Requirement: Set out exactly every line of the entries below, starting at the line that holds "by (auto simp: Chains_def" and stopping after the line that holds "using compactin_subset_topspace[OF assms(2)]".

Given entries:
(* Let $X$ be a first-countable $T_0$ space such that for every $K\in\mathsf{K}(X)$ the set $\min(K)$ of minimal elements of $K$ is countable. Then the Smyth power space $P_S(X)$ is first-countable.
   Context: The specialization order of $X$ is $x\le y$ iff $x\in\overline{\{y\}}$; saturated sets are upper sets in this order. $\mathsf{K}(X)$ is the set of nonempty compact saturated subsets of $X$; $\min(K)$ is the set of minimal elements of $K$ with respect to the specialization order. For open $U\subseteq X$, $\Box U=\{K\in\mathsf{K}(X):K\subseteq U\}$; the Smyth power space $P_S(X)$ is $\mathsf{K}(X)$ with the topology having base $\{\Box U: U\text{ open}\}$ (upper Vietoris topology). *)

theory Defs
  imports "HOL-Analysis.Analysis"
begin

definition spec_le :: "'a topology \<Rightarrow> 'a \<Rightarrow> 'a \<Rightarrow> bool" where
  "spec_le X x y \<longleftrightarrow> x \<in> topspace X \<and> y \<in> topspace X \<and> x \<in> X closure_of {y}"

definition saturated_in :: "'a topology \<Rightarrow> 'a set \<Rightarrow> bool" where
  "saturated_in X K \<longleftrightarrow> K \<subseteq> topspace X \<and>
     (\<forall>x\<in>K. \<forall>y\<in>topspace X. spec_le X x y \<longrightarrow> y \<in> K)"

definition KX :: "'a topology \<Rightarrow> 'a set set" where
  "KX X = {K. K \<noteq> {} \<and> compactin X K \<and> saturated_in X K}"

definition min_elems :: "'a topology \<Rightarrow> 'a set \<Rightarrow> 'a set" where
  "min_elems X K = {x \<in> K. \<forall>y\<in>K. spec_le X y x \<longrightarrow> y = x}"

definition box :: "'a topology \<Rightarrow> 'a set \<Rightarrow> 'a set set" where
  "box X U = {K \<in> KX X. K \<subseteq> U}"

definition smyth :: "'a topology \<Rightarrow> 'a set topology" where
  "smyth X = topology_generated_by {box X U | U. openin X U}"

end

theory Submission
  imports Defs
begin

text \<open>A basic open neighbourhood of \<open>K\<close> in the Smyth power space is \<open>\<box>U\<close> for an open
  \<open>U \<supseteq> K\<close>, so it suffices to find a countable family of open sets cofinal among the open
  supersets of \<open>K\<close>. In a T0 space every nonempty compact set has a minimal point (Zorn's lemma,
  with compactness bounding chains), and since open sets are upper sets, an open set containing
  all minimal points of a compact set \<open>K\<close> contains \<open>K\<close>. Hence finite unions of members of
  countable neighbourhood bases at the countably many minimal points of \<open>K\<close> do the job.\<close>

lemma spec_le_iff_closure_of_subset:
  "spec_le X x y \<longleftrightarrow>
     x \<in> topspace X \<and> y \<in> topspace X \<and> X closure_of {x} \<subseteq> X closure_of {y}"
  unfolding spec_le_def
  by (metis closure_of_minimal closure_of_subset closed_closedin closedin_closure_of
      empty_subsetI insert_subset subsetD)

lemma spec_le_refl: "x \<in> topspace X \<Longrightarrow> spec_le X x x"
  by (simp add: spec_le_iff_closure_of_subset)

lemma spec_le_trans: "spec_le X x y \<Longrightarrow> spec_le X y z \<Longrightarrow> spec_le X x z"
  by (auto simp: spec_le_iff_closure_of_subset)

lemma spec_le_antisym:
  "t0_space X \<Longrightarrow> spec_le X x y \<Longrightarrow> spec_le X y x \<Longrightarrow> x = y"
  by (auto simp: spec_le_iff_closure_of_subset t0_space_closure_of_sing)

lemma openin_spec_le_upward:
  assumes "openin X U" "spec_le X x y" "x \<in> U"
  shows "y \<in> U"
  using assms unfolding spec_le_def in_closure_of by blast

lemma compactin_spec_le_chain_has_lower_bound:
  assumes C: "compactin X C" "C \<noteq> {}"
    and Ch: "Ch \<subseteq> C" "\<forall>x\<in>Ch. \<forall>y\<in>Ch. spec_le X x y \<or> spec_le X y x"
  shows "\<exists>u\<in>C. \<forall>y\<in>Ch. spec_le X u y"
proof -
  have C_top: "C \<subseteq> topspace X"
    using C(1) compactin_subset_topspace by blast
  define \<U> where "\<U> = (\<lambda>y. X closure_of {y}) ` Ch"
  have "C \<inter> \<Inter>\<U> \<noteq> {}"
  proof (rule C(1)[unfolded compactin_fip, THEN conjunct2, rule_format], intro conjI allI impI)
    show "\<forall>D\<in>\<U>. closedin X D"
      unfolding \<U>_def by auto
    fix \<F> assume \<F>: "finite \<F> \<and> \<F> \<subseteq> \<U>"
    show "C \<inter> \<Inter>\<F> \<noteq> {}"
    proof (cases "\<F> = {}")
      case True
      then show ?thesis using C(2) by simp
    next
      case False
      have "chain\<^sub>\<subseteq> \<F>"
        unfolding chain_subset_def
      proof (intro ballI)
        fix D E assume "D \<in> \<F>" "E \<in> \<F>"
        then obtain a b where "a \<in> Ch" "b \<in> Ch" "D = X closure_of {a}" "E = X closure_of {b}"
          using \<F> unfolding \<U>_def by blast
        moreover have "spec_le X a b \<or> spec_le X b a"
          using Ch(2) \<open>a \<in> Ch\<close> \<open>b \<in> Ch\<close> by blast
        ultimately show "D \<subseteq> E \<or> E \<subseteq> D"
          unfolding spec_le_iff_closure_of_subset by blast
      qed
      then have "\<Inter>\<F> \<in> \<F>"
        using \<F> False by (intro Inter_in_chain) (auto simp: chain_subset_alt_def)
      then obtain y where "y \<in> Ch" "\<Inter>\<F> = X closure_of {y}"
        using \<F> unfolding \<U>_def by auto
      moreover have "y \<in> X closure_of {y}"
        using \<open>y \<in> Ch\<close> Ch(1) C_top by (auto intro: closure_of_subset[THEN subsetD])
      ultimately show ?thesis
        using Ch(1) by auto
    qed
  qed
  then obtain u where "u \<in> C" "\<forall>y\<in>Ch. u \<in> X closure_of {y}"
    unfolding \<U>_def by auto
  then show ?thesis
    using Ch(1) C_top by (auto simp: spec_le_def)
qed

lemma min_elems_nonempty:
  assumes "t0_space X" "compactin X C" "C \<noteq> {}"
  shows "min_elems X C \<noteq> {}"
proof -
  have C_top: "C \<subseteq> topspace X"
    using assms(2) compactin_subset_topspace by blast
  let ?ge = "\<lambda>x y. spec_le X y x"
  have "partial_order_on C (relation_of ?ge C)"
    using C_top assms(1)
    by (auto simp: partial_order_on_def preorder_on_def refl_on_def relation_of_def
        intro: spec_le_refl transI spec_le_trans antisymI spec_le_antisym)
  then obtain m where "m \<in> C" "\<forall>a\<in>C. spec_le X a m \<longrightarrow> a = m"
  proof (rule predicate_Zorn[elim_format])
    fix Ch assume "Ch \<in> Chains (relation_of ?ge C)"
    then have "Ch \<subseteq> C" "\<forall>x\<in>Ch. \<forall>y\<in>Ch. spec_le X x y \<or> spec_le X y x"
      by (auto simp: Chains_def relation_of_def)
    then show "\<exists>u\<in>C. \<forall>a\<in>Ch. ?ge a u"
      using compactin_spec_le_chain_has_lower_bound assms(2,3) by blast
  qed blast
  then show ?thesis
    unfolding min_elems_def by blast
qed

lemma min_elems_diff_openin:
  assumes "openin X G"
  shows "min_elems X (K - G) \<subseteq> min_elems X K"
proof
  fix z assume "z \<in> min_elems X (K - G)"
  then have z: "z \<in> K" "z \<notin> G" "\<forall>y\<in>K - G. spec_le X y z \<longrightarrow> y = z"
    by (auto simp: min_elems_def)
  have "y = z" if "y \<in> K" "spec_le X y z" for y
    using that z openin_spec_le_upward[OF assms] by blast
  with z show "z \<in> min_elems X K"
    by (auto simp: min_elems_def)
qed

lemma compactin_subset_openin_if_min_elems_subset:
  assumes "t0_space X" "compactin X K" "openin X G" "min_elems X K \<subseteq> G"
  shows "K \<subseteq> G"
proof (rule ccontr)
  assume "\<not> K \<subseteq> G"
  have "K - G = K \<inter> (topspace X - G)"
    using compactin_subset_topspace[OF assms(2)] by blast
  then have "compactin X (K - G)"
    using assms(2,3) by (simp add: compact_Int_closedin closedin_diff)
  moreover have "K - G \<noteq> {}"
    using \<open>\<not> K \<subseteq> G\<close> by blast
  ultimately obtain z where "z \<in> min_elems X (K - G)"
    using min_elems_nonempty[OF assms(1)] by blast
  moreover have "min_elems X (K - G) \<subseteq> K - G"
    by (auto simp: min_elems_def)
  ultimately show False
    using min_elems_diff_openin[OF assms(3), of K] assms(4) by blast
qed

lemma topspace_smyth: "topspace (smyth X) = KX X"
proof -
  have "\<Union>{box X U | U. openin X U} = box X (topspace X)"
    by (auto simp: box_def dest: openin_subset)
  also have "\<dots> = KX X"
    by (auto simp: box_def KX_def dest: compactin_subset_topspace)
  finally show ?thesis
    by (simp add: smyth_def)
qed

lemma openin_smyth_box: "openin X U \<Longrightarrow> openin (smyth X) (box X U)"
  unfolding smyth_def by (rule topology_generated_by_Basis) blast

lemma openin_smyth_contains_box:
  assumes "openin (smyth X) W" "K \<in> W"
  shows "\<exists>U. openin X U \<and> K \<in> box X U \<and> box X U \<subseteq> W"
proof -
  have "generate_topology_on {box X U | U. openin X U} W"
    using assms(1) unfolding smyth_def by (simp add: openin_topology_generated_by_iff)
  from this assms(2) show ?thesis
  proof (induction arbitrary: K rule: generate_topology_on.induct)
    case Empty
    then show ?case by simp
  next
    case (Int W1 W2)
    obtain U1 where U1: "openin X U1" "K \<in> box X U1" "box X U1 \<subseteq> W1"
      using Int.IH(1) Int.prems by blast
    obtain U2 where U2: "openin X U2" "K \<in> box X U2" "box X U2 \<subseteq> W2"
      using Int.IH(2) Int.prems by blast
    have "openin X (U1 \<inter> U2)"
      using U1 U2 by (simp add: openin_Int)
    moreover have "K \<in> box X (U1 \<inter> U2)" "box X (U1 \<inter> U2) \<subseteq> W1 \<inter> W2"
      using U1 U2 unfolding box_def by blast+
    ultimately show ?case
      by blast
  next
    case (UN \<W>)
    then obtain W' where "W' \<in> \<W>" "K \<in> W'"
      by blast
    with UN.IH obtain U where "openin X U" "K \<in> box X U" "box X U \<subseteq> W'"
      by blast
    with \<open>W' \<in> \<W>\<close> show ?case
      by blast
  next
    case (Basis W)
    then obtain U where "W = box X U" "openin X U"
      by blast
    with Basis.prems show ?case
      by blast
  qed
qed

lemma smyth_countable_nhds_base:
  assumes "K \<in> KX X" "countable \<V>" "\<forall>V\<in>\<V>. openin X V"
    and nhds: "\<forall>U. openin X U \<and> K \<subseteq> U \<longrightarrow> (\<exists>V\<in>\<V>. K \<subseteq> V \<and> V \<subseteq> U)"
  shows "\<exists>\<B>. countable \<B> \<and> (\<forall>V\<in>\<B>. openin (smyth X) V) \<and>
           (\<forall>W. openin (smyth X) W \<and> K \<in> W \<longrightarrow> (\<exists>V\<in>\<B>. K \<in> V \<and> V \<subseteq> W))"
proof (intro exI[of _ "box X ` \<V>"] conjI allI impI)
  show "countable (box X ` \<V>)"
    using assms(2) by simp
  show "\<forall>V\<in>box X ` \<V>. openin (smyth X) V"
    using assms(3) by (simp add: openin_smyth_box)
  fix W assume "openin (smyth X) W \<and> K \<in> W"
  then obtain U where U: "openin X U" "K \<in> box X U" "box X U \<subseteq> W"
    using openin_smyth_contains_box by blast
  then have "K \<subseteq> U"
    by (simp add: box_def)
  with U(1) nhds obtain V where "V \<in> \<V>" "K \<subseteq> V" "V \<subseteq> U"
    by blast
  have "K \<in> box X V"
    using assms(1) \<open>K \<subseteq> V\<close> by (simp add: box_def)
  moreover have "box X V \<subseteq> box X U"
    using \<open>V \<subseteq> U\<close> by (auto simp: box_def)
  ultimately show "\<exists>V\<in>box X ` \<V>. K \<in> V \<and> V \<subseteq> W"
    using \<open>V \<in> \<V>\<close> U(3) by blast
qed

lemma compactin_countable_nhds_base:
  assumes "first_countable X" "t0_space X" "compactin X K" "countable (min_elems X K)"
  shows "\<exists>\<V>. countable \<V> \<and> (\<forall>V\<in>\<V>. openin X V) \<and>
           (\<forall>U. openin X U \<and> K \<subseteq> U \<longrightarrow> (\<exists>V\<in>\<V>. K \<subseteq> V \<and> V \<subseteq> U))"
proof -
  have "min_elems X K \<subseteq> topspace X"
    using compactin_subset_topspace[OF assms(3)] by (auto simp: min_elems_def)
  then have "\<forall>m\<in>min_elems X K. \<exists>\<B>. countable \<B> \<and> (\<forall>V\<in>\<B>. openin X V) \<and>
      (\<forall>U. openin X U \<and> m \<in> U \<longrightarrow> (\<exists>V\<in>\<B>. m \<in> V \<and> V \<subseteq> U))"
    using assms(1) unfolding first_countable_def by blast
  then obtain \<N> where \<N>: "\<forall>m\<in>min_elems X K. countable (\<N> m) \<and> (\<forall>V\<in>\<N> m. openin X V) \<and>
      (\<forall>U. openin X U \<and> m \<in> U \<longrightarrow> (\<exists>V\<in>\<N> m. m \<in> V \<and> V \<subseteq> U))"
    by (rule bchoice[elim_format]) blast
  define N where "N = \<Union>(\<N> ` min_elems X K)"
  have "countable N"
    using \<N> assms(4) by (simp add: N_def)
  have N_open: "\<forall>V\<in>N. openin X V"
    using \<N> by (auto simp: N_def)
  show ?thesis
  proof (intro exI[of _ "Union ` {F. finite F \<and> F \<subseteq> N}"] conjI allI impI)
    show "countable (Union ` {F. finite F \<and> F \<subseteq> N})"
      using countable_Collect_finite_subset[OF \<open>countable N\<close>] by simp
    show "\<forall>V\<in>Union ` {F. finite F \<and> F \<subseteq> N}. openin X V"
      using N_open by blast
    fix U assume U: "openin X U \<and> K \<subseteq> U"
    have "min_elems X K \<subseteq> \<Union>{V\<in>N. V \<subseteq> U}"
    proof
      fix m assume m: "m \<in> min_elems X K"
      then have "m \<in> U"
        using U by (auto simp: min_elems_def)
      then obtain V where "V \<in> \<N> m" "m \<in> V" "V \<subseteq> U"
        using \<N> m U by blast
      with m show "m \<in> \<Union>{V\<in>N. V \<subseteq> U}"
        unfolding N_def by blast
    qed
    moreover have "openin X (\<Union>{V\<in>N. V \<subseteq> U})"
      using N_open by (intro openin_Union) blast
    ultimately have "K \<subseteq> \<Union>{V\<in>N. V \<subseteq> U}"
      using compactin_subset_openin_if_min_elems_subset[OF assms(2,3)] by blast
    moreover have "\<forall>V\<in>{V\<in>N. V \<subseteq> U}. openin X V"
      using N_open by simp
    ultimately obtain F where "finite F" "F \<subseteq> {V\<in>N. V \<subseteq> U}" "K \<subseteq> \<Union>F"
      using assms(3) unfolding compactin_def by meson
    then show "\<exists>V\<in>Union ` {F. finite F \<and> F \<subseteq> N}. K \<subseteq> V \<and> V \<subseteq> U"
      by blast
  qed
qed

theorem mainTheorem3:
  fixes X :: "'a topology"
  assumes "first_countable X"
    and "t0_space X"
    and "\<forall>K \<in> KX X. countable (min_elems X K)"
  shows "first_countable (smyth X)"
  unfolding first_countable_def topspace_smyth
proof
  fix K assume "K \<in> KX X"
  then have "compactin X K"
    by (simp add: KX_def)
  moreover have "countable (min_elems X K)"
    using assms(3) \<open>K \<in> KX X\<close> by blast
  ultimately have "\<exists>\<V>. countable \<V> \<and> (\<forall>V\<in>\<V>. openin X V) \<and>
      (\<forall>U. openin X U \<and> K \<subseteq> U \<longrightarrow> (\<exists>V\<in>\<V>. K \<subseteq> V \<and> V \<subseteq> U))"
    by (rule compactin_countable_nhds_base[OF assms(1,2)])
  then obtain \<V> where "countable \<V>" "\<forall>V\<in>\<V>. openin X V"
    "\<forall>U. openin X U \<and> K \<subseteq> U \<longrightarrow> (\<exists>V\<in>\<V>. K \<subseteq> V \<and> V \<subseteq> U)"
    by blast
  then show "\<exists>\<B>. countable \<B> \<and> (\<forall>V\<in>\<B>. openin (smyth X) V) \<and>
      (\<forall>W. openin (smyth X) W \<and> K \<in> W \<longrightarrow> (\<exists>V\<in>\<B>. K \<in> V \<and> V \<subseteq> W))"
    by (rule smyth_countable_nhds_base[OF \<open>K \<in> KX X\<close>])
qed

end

Output of the exercise:
      by (auto simp: Chains_def relation_of_def)
    then show "\<exists>u\<in>C. \<forall>a\<in>Ch. ?ge a u"
      using compactin_spec_le_chain_has_lower_bound assms(2,3) by blast
  qed blast
  then show ?thesis
    unfolding min_elems_def by blast
qed

lemma min_elems_diff_openin:
  assumes "openin X G"
  shows "min_elems X (K - G) \<subseteq> min_elems X K"
proof
  fix z assume "z \<in> min_elems X (K - G)"
  then have z: "z \<in> K" "z \<notin> G" "\<forall>y\<in>K - G. spec_le X y z \<longrightarrow> y = z"
    by (auto simp: min_elems_def)
  have "y = z" if "y \<in> K" "spec_le X y z" for y
    using that z openin_spec_le_upward[OF assms] by blast
  with z show "z \<in> min_elems X K"
    by (auto simp: min_elems_def)
qed

lemma compactin_subset_openin_if_min_elems_subset:
  assumes "t0_space X" "compactin X K" "openin X G" "min_elems X K \<subseteq> G"
  shows "K \<subseteq> G"
proof (rule ccontr)
  assume "\<not> K \<subseteq> G"
  have "K - G = K \<inter> (topspace X - G)"
    using compactin_subset_topspace[OF assms(2)] by blast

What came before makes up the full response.